Beneath this line is the data. Output exactly the lines from the line with "m = cr_hist" to the line with "by (simp add: matrix_vector_mul_component", both ends included, and nothing more.
[Opening INPUT DATA section]
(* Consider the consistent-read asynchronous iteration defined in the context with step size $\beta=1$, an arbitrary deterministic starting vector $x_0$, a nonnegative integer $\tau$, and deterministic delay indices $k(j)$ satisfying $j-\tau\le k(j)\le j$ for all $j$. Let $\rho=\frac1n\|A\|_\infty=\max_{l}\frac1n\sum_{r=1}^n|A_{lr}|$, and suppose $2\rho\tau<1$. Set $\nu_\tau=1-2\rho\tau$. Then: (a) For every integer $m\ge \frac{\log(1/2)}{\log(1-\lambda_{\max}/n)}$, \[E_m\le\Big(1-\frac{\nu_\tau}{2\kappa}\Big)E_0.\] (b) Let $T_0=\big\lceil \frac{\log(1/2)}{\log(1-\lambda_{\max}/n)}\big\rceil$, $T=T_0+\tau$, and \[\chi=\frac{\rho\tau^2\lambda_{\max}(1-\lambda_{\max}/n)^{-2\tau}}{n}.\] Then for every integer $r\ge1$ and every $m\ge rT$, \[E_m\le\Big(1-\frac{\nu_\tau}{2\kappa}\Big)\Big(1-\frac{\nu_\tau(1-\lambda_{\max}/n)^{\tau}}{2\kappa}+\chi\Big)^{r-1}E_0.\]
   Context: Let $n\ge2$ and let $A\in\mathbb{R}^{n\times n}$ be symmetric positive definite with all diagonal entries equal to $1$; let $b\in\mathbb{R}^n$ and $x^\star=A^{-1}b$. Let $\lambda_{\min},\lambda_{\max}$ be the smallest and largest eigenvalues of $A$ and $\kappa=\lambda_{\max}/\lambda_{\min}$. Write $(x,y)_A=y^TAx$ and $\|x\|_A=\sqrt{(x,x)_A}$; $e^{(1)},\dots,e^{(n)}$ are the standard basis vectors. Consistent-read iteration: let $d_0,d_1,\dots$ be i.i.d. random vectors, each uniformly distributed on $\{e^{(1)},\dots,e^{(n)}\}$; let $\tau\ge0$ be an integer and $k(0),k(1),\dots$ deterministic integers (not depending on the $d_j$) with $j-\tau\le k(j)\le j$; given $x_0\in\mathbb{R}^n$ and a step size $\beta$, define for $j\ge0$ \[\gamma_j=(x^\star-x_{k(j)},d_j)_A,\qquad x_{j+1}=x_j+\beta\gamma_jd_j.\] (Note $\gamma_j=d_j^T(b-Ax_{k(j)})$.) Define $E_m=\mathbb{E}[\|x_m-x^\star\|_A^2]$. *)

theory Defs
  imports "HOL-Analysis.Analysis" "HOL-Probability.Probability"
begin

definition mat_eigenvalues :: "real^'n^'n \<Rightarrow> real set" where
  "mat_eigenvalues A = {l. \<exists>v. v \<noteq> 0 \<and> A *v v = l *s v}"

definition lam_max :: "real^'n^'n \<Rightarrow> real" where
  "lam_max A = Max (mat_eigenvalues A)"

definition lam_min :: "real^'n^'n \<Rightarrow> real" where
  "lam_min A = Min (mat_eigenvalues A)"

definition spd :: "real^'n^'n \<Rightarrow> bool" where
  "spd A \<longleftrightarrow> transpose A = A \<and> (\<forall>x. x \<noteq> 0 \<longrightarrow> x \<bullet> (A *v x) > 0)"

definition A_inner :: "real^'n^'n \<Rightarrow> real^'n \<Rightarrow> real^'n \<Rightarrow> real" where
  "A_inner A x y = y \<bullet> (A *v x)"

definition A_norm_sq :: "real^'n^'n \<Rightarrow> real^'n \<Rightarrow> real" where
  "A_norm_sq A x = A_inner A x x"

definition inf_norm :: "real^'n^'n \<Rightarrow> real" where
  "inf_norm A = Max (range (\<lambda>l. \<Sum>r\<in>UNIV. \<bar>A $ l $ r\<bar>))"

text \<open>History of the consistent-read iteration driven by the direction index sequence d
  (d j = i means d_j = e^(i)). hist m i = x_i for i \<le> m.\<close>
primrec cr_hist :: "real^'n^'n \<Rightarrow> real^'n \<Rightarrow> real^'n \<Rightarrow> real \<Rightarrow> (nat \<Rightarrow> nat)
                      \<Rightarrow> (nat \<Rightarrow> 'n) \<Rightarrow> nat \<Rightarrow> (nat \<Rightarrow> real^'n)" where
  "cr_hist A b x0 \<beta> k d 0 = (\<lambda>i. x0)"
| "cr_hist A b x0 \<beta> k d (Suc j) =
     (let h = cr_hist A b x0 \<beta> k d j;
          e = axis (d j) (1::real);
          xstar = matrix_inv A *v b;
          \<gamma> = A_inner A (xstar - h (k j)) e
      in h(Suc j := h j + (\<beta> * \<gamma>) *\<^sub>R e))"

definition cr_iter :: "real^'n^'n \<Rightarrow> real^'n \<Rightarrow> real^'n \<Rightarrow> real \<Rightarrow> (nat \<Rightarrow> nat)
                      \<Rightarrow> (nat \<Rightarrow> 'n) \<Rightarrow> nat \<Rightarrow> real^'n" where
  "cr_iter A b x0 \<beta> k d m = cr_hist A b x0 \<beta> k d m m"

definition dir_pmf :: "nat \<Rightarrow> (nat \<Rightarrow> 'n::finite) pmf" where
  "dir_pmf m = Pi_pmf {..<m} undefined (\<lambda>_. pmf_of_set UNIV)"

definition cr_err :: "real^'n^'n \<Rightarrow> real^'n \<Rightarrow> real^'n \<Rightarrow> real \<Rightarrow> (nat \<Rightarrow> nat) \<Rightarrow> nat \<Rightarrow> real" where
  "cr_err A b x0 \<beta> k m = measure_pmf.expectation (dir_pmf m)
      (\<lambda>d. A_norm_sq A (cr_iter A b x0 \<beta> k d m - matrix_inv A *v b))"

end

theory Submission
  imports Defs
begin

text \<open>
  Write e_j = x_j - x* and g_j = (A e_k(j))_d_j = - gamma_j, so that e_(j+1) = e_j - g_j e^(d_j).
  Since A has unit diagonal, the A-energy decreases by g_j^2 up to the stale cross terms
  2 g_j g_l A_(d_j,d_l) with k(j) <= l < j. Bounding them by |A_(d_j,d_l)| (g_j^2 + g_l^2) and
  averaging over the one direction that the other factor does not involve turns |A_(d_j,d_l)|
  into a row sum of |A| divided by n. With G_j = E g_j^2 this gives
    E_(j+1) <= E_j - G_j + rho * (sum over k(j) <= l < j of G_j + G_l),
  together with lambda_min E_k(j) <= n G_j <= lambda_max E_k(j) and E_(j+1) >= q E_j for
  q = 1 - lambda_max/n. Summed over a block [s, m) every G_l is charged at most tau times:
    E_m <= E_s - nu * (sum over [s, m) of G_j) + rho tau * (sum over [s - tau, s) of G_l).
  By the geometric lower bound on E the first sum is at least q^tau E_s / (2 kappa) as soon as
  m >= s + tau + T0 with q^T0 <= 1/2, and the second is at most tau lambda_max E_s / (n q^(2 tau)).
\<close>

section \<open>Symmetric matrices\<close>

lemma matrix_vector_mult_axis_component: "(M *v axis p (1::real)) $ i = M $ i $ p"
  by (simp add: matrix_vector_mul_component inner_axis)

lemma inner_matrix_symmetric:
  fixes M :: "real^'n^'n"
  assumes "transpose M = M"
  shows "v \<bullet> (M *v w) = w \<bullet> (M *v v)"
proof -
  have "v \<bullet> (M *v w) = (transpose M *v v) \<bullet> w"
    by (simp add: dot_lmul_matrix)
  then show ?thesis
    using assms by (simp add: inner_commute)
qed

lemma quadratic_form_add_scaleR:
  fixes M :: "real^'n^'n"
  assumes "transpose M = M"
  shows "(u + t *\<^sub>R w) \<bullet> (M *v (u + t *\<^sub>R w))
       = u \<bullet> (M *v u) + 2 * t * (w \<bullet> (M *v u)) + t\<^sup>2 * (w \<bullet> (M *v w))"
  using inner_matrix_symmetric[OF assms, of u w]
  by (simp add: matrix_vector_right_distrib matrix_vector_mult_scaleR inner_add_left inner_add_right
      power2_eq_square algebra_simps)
[Closing INPUT DATA section]
**SOLVED PROBLEM:**
  "cr_iter A b x0 \<beta> k d m = cr_hist A b x0 \<beta> k d m m"

definition dir_pmf :: "nat \<Rightarrow> (nat \<Rightarrow> 'n::finite) pmf" where
  "dir_pmf m = Pi_pmf {..<m} undefined (\<lambda>_. pmf_of_set UNIV)"

definition cr_err :: "real^'n^'n \<Rightarrow> real^'n \<Rightarrow> real^'n \<Rightarrow> real \<Rightarrow> (nat \<Rightarrow> nat) \<Rightarrow> nat \<Rightarrow> real" where
  "cr_err A b x0 \<beta> k m = measure_pmf.expectation (dir_pmf m)
      (\<lambda>d. A_norm_sq A (cr_iter A b x0 \<beta> k d m - matrix_inv A *v b))"

end

theory Submission
  imports Defs
begin

text \<open>
  Write e_j = x_j - x* and g_j = (A e_k(j))_d_j = - gamma_j, so that e_(j+1) = e_j - g_j e^(d_j).
  Since A has unit diagonal, the A-energy decreases by g_j^2 up to the stale cross terms
  2 g_j g_l A_(d_j,d_l) with k(j) <= l < j. Bounding them by |A_(d_j,d_l)| (g_j^2 + g_l^2) and
  averaging over the one direction that the other factor does not involve turns |A_(d_j,d_l)|
  into a row sum of |A| divided by n. With G_j = E g_j^2 this gives
    E_(j+1) <= E_j - G_j + rho * (sum over k(j) <= l < j of G_j + G_l),
  together with lambda_min E_k(j) <= n G_j <= lambda_max E_k(j) and E_(j+1) >= q E_j for
  q = 1 - lambda_max/n. Summed over a block [s, m) every G_l is charged at most tau times:
    E_m <= E_s - nu * (sum over [s, m) of G_j) + rho tau * (sum over [s - tau, s) of G_l).
  By the geometric lower bound on E the first sum is at least q^tau E_s / (2 kappa) as soon as
  m >= s + tau + T0 with q^T0 <= 1/2, and the second is at most tau lambda_max E_s / (n q^(2 tau)).
\<close>

section \<open>Symmetric matrices\<close>

lemma matrix_vector_mult_axis_component: "(M *v axis p (1::real)) $ i = M $ i $ p"
  by (simp add: matrix_vector_mul_component inner_axis)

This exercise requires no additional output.